Directions: Look through the data for the string "forall". Copy every line where it is found.

[Task inputs Boundary: Start]

(* Let $m\ge 1$ and $0\le k\le m$ be integers. Let $U_1$ be the $2m\times 2m$ integer matrix whose entries in positions $(i,i+1)$ and $(i+1,i)$ ($1\le i\le 2m-1$) are $1$ and all of whose other entries are $0$. For a subset $\alpha\subseteq\{1,\dots,2m\}$, let $U_1(\alpha)$ denote the submatrix of $U_1$ obtained by deleting the rows and columns with indices in $\alpha$. Then $$\sum_{\alpha\subseteq\{1,\dots,2m\},\ |\alpha|=2k}\mathrm{Hf}\big(U_1(\alpha)\big)=\binom{m+k}{m-k}.$$
   Context: For a symmetric matrix $A=(a_{ij})$ of even order $n$ over a commutative ring, the hafnian is $\mathrm{Hf}(A)=\sum a_{i_1i_2}a_{i_3i_4}\cdots a_{i_{n-1}i_n}$, where the sum runs over all partitions of the index set of $A$ into $n/2$ disjoint unordered pairs $\{i_1,i_2\},\dots,\{i_{n-1},i_n\}$ (each partition counted once). The hafnian of the empty ($0\times 0$) matrix is $1$. *)

theory Defs
  imports Main
begin

definition perfect_matchings :: "nat set \<Rightarrow> nat set set set" where
  "perfect_matchings S =
     {M. (\<forall>e\<in>M. \<exists>i j. i \<noteq> j \<and> i \<in> S \<and> j \<in> S \<and> e = {i, j}) \<and>
         (\<forall>x\<in>S. \<exists>!e. e \<in> M \<and> x \<in> e)}"

text \<open>Hafnian of the symmetric matrix A restricted to the rows/columns with
  indices in S (i.e. the principal submatrix on S); each pair e contributes
  the entry A (Min e) (Max e).  The hafnian of the empty matrix is 1.\<close>
definition hafnian :: "(nat \<Rightarrow> nat \<Rightarrow> 'a::comm_ring_1) \<Rightarrow> nat set \<Rightarrow> 'a" where
  "hafnian A S = (\<Sum>M\<in>perfect_matchings S. \<Prod>e\<in>M. A (Min e) (Max e))"

definition U1 :: "nat \<Rightarrow> nat \<Rightarrow> nat \<Rightarrow> int" where
  "U1 m i j = (if i \<in> {1..2*m} \<and> j \<in> {1..2*m} \<and> (i = j + 1 \<or> j = i + 1) then 1 else 0)"

end

theory Submission
  imports Defs
begin

text \<open>Since the only nonzero entries of \<open>U\<^sub>1\<close> sit at positions \<open>(i, i + 1)\<close>, a perfect
  matching contributes to \<open>Hf(U\<^sub>1(\<alpha>))\<close> exactly when all its pairs are dominoes \<open>{i, i + 1}\<close>,
  and then it contributes 1.  A domino matching is determined by the set \<open>I\<close> of left ends of
  its dominoes, a set of pairwise nonadjacent indices in \<open>{1..2m - 1}\<close>; conversely each such
  \<open>I\<close> with \<open>|I| = m - k\<close> is a perfect domino matching of the complement of a unique \<open>\<alpha>\<close>
  with \<open>|\<alpha>| = 2k\<close>.  Hence the sum counts the \<open>(m - k)\<close>-subsets of \<open>{1..2m - 1}\<close> with no two
  consecutive elements.  By the recursion that splits off the largest index, \<open>{1..n}\<close> has
  \<open>C(n + 1 - j, j)\<close> such \<open>j\<close>-subsets, which is \<open>C(m + k, m - k)\<close> for \<open>n = 2m - 1\<close>, \<open>j = m - k\<close>.\<close>

definition nonadjacent :: "nat set \<Rightarrow> bool" where
  "nonadjacent I \<longleftrightarrow> (\<forall>i\<in>I. Suc i \<notin> I)"

definition nonadjacent_subsets :: "nat \<Rightarrow> nat \<Rightarrow> nat set set" where
  "nonadjacent_subsets n j = {I. I \<subseteq> {1..n} \<and> nonadjacent I \<and> card I = j}"

lemma finite_nonadjacent_subsets: "finite (nonadjacent_subsets n j)"
  by (rule finite_subset[of _ "Pow {1..n}"]) (auto simp: nonadjacent_subsets_def)

lemma nonadjacent_subsets_0: "nonadjacent_subsets n 0 = {{}}"
  by (auto simp: nonadjacent_subsets_def nonadjacent_def finite_subset)

lemma card_nonadjacent_subsets_le_1:
  assumes "n \<le> 1"
  shows "card (nonadjacent_subsets n j) = (n + 1 - j) choose j"
proof -
  have "nonadjacent I" if I: "I \<subseteq> {1..n}" for I
  proof -
    have "Suc i \<notin> {1..n}" if "i \<in> {1..n}" for i
      using that assms by auto
    with I show ?thesis unfolding nonadjacent_def by blast
  qed
  then have "nonadjacent_subsets n j = {I. I \<subseteq> {1..n} \<and> card I = j}"
    by (auto simp: nonadjacent_subsets_def)
  then have "card (nonadjacent_subsets n j) = n choose j"
    by (simp add: n_subsets)
  also have "\<dots> = (n + 1 - j) choose j"
    using assms by (cases j; cases "j - 1") (auto simp: le_Suc_eq)
  finally show ?thesis .
qed

lemma nonadjacent_subsets_Suc_Suc:
  "nonadjacent_subsets (Suc (Suc n)) (Suc j) =
     nonadjacent_subsets (Suc n) (Suc j) \<union> insert (Suc (Suc n)) ` nonadjacent_subsets n j"
  (is "?L = ?A \<union> ?B")
proof (intro equalityI subsetI)
  fix I assume I: "I \<in> ?L"
  show "I \<in> ?A \<union> ?B"
  proof (cases "Suc (Suc n) \<in> I")
    case False
    with I show ?thesis by (auto simp: nonadjacent_subsets_def le_Suc_eq)
  next
    case True
    with I have "Suc n \<notin> I" and "finite I"
      by (auto simp: nonadjacent_subsets_def nonadjacent_def finite_subset)
    with I True have "I - {Suc (Suc n)} \<in> nonadjacent_subsets n j"
      by (auto simp: nonadjacent_subsets_def nonadjacent_def le_Suc_eq)
    with True show ?thesis by (auto intro: image_eqI[of _ _ "I - {Suc (Suc n)}"])
  qed
next
  fix I assume "I \<in> ?A \<union> ?B"
  then show "I \<in> ?L"
    by (fastforce simp: nonadjacent_subsets_def nonadjacent_def finite_subset card_insert_if)
qed

lemma card_nonadjacent_subsets:
  "card (nonadjacent_subsets n j) = (n + 1 - j) choose j"
proof (induction n arbitrary: j rule: induct_nat_012)
  case (ge2 n)
  show ?case
  proof (cases j)
    case 0
    then show ?thesis by (simp add: nonadjacent_subsets_0)
  next
    case (Suc i)
    have disjoint: "nonadjacent_subsets (Suc n) (Suc i) \<inter> insert (Suc (Suc n)) ` nonadjacent_subsets n i = {}"
      by (auto simp: nonadjacent_subsets_def)
    have "inj_on (insert (Suc (Suc n))) (nonadjacent_subsets n i)"
      by (rule inj_onI) (auto simp: nonadjacent_subsets_def dest!: insert_ident[THEN iffD1, rotated 2])
    then have "card (nonadjacent_subsets (Suc (Suc n)) j)
        = card (nonadjacent_subsets (Suc n) (Suc i)) + card (nonadjacent_subsets n i)"
      unfolding Suc nonadjacent_subsets_Suc_Suc
      by (simp add: card_Un_disjoint finite_nonadjacent_subsets disjoint card_image)
    also have "\<dots> = (Suc (Suc n) + 1 - j) choose j"
      using ge2 Suc by (cases "i \<le> Suc n") (auto simp: Suc_diff_le)
    finally show ?thesis .
  qed
qed (simp_all add: card_nonadjacent_subsets_le_1)

lemma perfect_matching_subset_Pow: "M \<in> perfect_matchings S \<Longrightarrow> M \<subseteq> Pow S"
  unfolding perfect_matchings_def by force

lemma finite_perfect_matchings: "finite S \<Longrightarrow> finite (perfect_matchings S)"
  by (rule finite_subset[of _ "Pow (Pow S)"]) (auto dest: perfect_matching_subset_Pow)

lemma finite_perfect_matching: "finite S \<Longrightarrow> M \<in> perfect_matchings S \<Longrightarrow> finite M"
  by (meson finite_Pow_iff finite_subset perfect_matching_subset_Pow)

lemma perfect_matching_edge:
  assumes "M \<in> perfect_matchings S" "e \<in> M"
  shows "\<exists>i j. i \<noteq> j \<and> i \<in> S \<and> j \<in> S \<and> e = {i, j}"
  using assms by (simp add: perfect_matchings_def)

[Task inputs Boundary: End]

Solution for this problem:
     {M. (\<forall>e\<in>M. \<exists>i j. i \<noteq> j \<and> i \<in> S \<and> j \<in> S \<and> e = {i, j}) \<and>
         (\<forall>x\<in>S. \<exists>!e. e \<in> M \<and> x \<in> e)}"
  "nonadjacent I \<longleftrightarrow> (\<forall>i\<in>I. Suc i \<notin> I)"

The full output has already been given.